---- Data listing

(* Let $k\ge2$, let $U\subseteq\mathbb{R}^d$ be a set of $k$ distinct points, and let $V\subseteq U$ with $|V|\ge2$. Then $L_2'(V)\ge L_2(V)/2$.
   Context: For $V$: for each dimension $i$ let $\mathcal{I}_i$ be the consecutive intervals $[a,b]$ ($a<b$) into which $[\min_{v\in V}v_i,\max_{v\in V}v_i]$ is partitioned by the projections $\{v_i:v\in V\}$; $\mathcal{I}_{\mathrm{all}}(V)=\{(i,[a,b]):[a,b]\in\mathcal{I}_i\}$ and $L_2(V)=\sum_{(i,[a,b])\in\mathcal{I}_{\mathrm{all}}(V)}(b-a)^2$. Let $\Delta(V)=\max_{x,y\in V}\|x-y\|_2^2$. A pair $x,y\in V$ is close if $\|x-y\|_2^2<\Delta(V)/k^4$. Let $R(V)\subseteq\mathcal{I}_{\mathrm{all}}(V)$ be the set of $(i,[a,b])$ such that $[a,b]\subseteq[\min(x_i,y_i),\max(x_i,y_i)]$ for some close pair $x,y\in V$, and $L_2'(V)=\sum_{(i,[a,b])\in\mathcal{I}_{\mathrm{all}}(V)\setminus R(V)}(b-a)^2$. *)

theory Defs
  imports "HOL-Analysis.Analysis"
begin

text \<open>Points of R^d are vectors of type real^'d (coordinates x$i, i ranging over the
finite index type 'd). An interval [a,b] is represented by the pair (a,b).\<close>

definition proj :: "(real^'d) set \<Rightarrow> 'd \<Rightarrow> real set" where
  "proj V i = (\<lambda>v. v $ i) ` V"

definition intervals_all :: "(real^'d) set \<Rightarrow> ('d \<times> (real \<times> real)) set" where
  "intervals_all V = {(i, (a, b)) | i a b. a \<in> proj V i \<and> b \<in> proj V i \<and> a < b \<and>
      (\<forall>c\<in>proj V i. \<not> (a < c \<and> c < b))}"

definition L2 :: "(real^'d) set \<Rightarrow> real" where
  "L2 V = (\<Sum>(i, (a, b)) \<in> intervals_all V. (b - a)^2)"

definition Delta :: "(real^'d) set \<Rightarrow> real" where
  "Delta V = Max {(norm (x - y))^2 | x y. x \<in> V \<and> y \<in> V}"

definition close_pair :: "nat \<Rightarrow> (real^'d) set \<Rightarrow> real^'d \<Rightarrow> real^'d \<Rightarrow> bool" where
  "close_pair k V x y \<longleftrightarrow> x \<in> V \<and> y \<in> V \<and> (norm (x - y))^2 < Delta V / (real k)^4"

definition removed :: "nat \<Rightarrow> (real^'d) set \<Rightarrow> ('d \<times> (real \<times> real)) set" where
  "removed k V = {(i, (a, b)) \<in> intervals_all V. \<exists>x y. close_pair k V x y \<and>
      min (x $ i) (y $ i) \<le> a \<and> b \<le> max (x $ i) (y $ i)}"

definition L2' :: "nat \<Rightarrow> (real^'d) set \<Rightarrow> real" where
  "L2' k V = (\<Sum>(i, (a, b)) \<in> intervals_all V - removed k V. (b - a)^2)"

end

theory Submission
  imports Defs
begin

(* Along one
   coordinate, the gaps between two points x and y have lengths summing to |x_i - y_i|, so the
   squares of the gaps spanned by a pair weigh at most |x - y|^2; summing over the at most k^2
   close pairs, the removed weight is below k^2 Delta(V) / k^4. On the other hand, by Cauchy-Schwarz
   over the at most k - 1 gaps between the two coordinates of a diameter pair,
   Delta(V) <= (k - 1) L_2(V). Hence the removed weight is at most (k - 1) / k^2 L_2(V), which
   is at most L_2(V) / 2. *)

lemma sum_squares_le_square_sum:
  fixes f :: "'a \<Rightarrow> 'b::linordered_idom"
  assumes "\<And>x. x \<in> A \<Longrightarrow> 0 \<le> f x"
  shows "(\<Sum>x\<in>A. (f x)^2) \<le> (\<Sum>x\<in>A. f x)^2"
proof (cases "finite A")
  case True
  have "(\<Sum>x\<in>A. (f x)^2) \<le> (\<Sum>x\<in>A. f x * (\<Sum>y\<in>A. f y))"
    unfolding power2_eq_square using True assms by (intro sum_mono mult_left_mono member_le_sum) auto
  also have "\<dots> = (\<Sum>x\<in>A. f x)^2"
    by (simp add: power2_eq_square sum_distrib_right)
  finally show ?thesis .
qed simp

lemma sum_UN_le:
  fixes f :: "'b \<Rightarrow> 'c::ordered_ab_group_add"
  assumes "finite I" "\<And>i. i \<in> I \<Longrightarrow> finite (A i)" "\<And>x. 0 \<le> f x"
  shows "sum f (\<Union>i\<in>I. A i) \<le> (\<Sum>i\<in>I. sum f (A i))"
  using assms
proof (induction I rule: finite_induct)
  case (insert j I)
  have "sum f (A j \<union> (\<Union>i\<in>I. A i)) \<le> sum f (A j) + sum f (\<Union>i\<in>I. A i)"
    using insert by (subst sum_Un) (auto intro: sum_nonneg)
  also have "\<dots> \<le> sum f (A j) + (\<Sum>i\<in>I. sum f (A i))"
    using insert by (intro add_left_mono) auto
  finally show ?case using insert by simp
qed simp

lemma power2_norm_vec: "(norm (x :: real^'n))^2 = (\<Sum>i\<in>UNIV. (x $ i)^2)"
  unfolding power2_norm_eq_inner inner_vec_def by (simp add: power2_eq_square)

--------

→ **Task details**
The response must restate every entry word for word.

→ **Exercise output**
(* Let $k\ge2$, let $U\subseteq\mathbb{R}^d$ be a set of $k$ distinct points, and let $V\subseteq U$ with $|V|\ge2$. Then $L_2'(V)\ge L_2(V)/2$.
   Context: For $V$: for each dimension $i$ let $\mathcal{I}_i$ be the consecutive intervals $[a,b]$ ($a<b$) into which $[\min_{v\in V}v_i,\max_{v\in V}v_i]$ is partitioned by the projections $\{v_i:v\in V\}$; $\mathcal{I}_{\mathrm{all}}(V)=\{(i,[a,b]):[a,b]\in\mathcal{I}_i\}$ and $L_2(V)=\sum_{(i,[a,b])\in\mathcal{I}_{\mathrm{all}}(V)}(b-a)^2$. Let $\Delta(V)=\max_{x,y\in V}\|x-y\|_2^2$. A pair $x,y\in V$ is close if $\|x-y\|_2^2<\Delta(V)/k^4$. Let $R(V)\subseteq\mathcal{I}_{\mathrm{all}}(V)$ be the set of $(i,[a,b])$ such that $[a,b]\subseteq[\min(x_i,y_i),\max(x_i,y_i)]$ for some close pair $x,y\in V$, and $L_2'(V)=\sum_{(i,[a,b])\in\mathcal{I}_{\mathrm{all}}(V)\setminus R(V)}(b-a)^2$. *)

theory Defs
  imports "HOL-Analysis.Analysis"
begin

text \<open>Points of R^d are vectors of type real^'d (coordinates x$i, i ranging over the
finite index type 'd). An interval [a,b] is represented by the pair (a,b).\<close>

definition proj :: "(real^'d) set \<Rightarrow> 'd \<Rightarrow> real set" where
  "proj V i = (\<lambda>v. v $ i) ` V"

definition intervals_all :: "(real^'d) set \<Rightarrow> ('d \<times> (real \<times> real)) set" where
  "intervals_all V = {(i, (a, b)) | i a b. a \<in> proj V i \<and> b \<in> proj V i \<and> a < b \<and>
      (\<forall>c\<in>proj V i. \<not> (a < c \<and> c < b))}"

definition L2 :: "(real^'d) set \<Rightarrow> real" where
  "L2 V = (\<Sum>(i, (a, b)) \<in> intervals_all V. (b - a)^2)"

definition Delta :: "(real^'d) set \<Rightarrow> real" where
  "Delta V = Max {(norm (x - y))^2 | x y. x \<in> V \<and> y \<in> V}"

definition close_pair :: "nat \<Rightarrow> (real^'d) set \<Rightarrow> real^'d \<Rightarrow> real^'d \<Rightarrow> bool" where
  "close_pair k V x y \<longleftrightarrow> x \<in> V \<and> y \<in> V \<and> (norm (x - y))^2 < Delta V / (real k)^4"

definition removed :: "nat \<Rightarrow> (real^'d) set \<Rightarrow> ('d \<times> (real \<times> real)) set" where
  "removed k V = {(i, (a, b)) \<in> intervals_all V. \<exists>x y. close_pair k V x y \<and>
      min (x $ i) (y $ i) \<le> a \<and> b \<le> max (x $ i) (y $ i)}"

definition L2' :: "nat \<Rightarrow> (real^'d) set \<Rightarrow> real" where
  "L2' k V = (\<Sum>(i, (a, b)) \<in> intervals_all V - removed k V. (b - a)^2)"

end

theory Submission
  imports Defs
begin

(* Along one
   coordinate, the gaps between two points x and y have lengths summing to |x_i - y_i|, so the
   squares of the gaps spanned by a pair weigh at most |x - y|^2; summing over the at most k^2
   close pairs, the removed weight is below k^2 Delta(V) / k^4. On the other hand, by Cauchy-Schwarz
   over the at most k - 1 gaps between the two coordinates of a diameter pair,
   Delta(V) <= (k - 1) L_2(V). Hence the removed weight is at most (k - 1) / k^2 L_2(V), which
   is at most L_2(V) / 2. *)

lemma sum_squares_le_square_sum:
  fixes f :: "'a \<Rightarrow> 'b::linordered_idom"
  assumes "\<And>x. x \<in> A \<Longrightarrow> 0 \<le> f x"
  shows "(\<Sum>x\<in>A. (f x)^2) \<le> (\<Sum>x\<in>A. f x)^2"
proof (cases "finite A")
  case True
  have "(\<Sum>x\<in>A. (f x)^2) \<le> (\<Sum>x\<in>A. f x * (\<Sum>y\<in>A. f y))"
    unfolding power2_eq_square using True assms by (intro sum_mono mult_left_mono member_le_sum) auto
  also have "\<dots> = (\<Sum>x\<in>A. f x)^2"
    by (simp add: power2_eq_square sum_distrib_right)
  finally show ?thesis .
qed simp

lemma sum_UN_le:
  fixes f :: "'b \<Rightarrow> 'c::ordered_ab_group_add"
  assumes "finite I" "\<And>i. i \<in> I \<Longrightarrow> finite (A i)" "\<And>x. 0 \<le> f x"
  shows "sum f (\<Union>i\<in>I. A i) \<le> (\<Sum>i\<in>I. sum f (A i))"
  using assms
proof (induction I rule: finite_induct)
  case (insert j I)
  have "sum f (A j \<union> (\<Union>i\<in>I. A i)) \<le> sum f (A j) + sum f (\<Union>i\<in>I. A i)"
    using insert by (subst sum_Un) (auto intro: sum_nonneg)
  also have "\<dots> \<le> sum f (A j) + (\<Sum>i\<in>I. sum f (A i))"
    using insert by (intro add_left_mono) auto
  finally show ?case using insert by simp
qed simp

lemma power2_norm_vec: "(norm (x :: real^'n))^2 = (\<Sum>i\<in>UNIV. (x $ i)^2)"
  unfolding power2_norm_eq_inner inner_vec_def by (simp add: power2_eq_square)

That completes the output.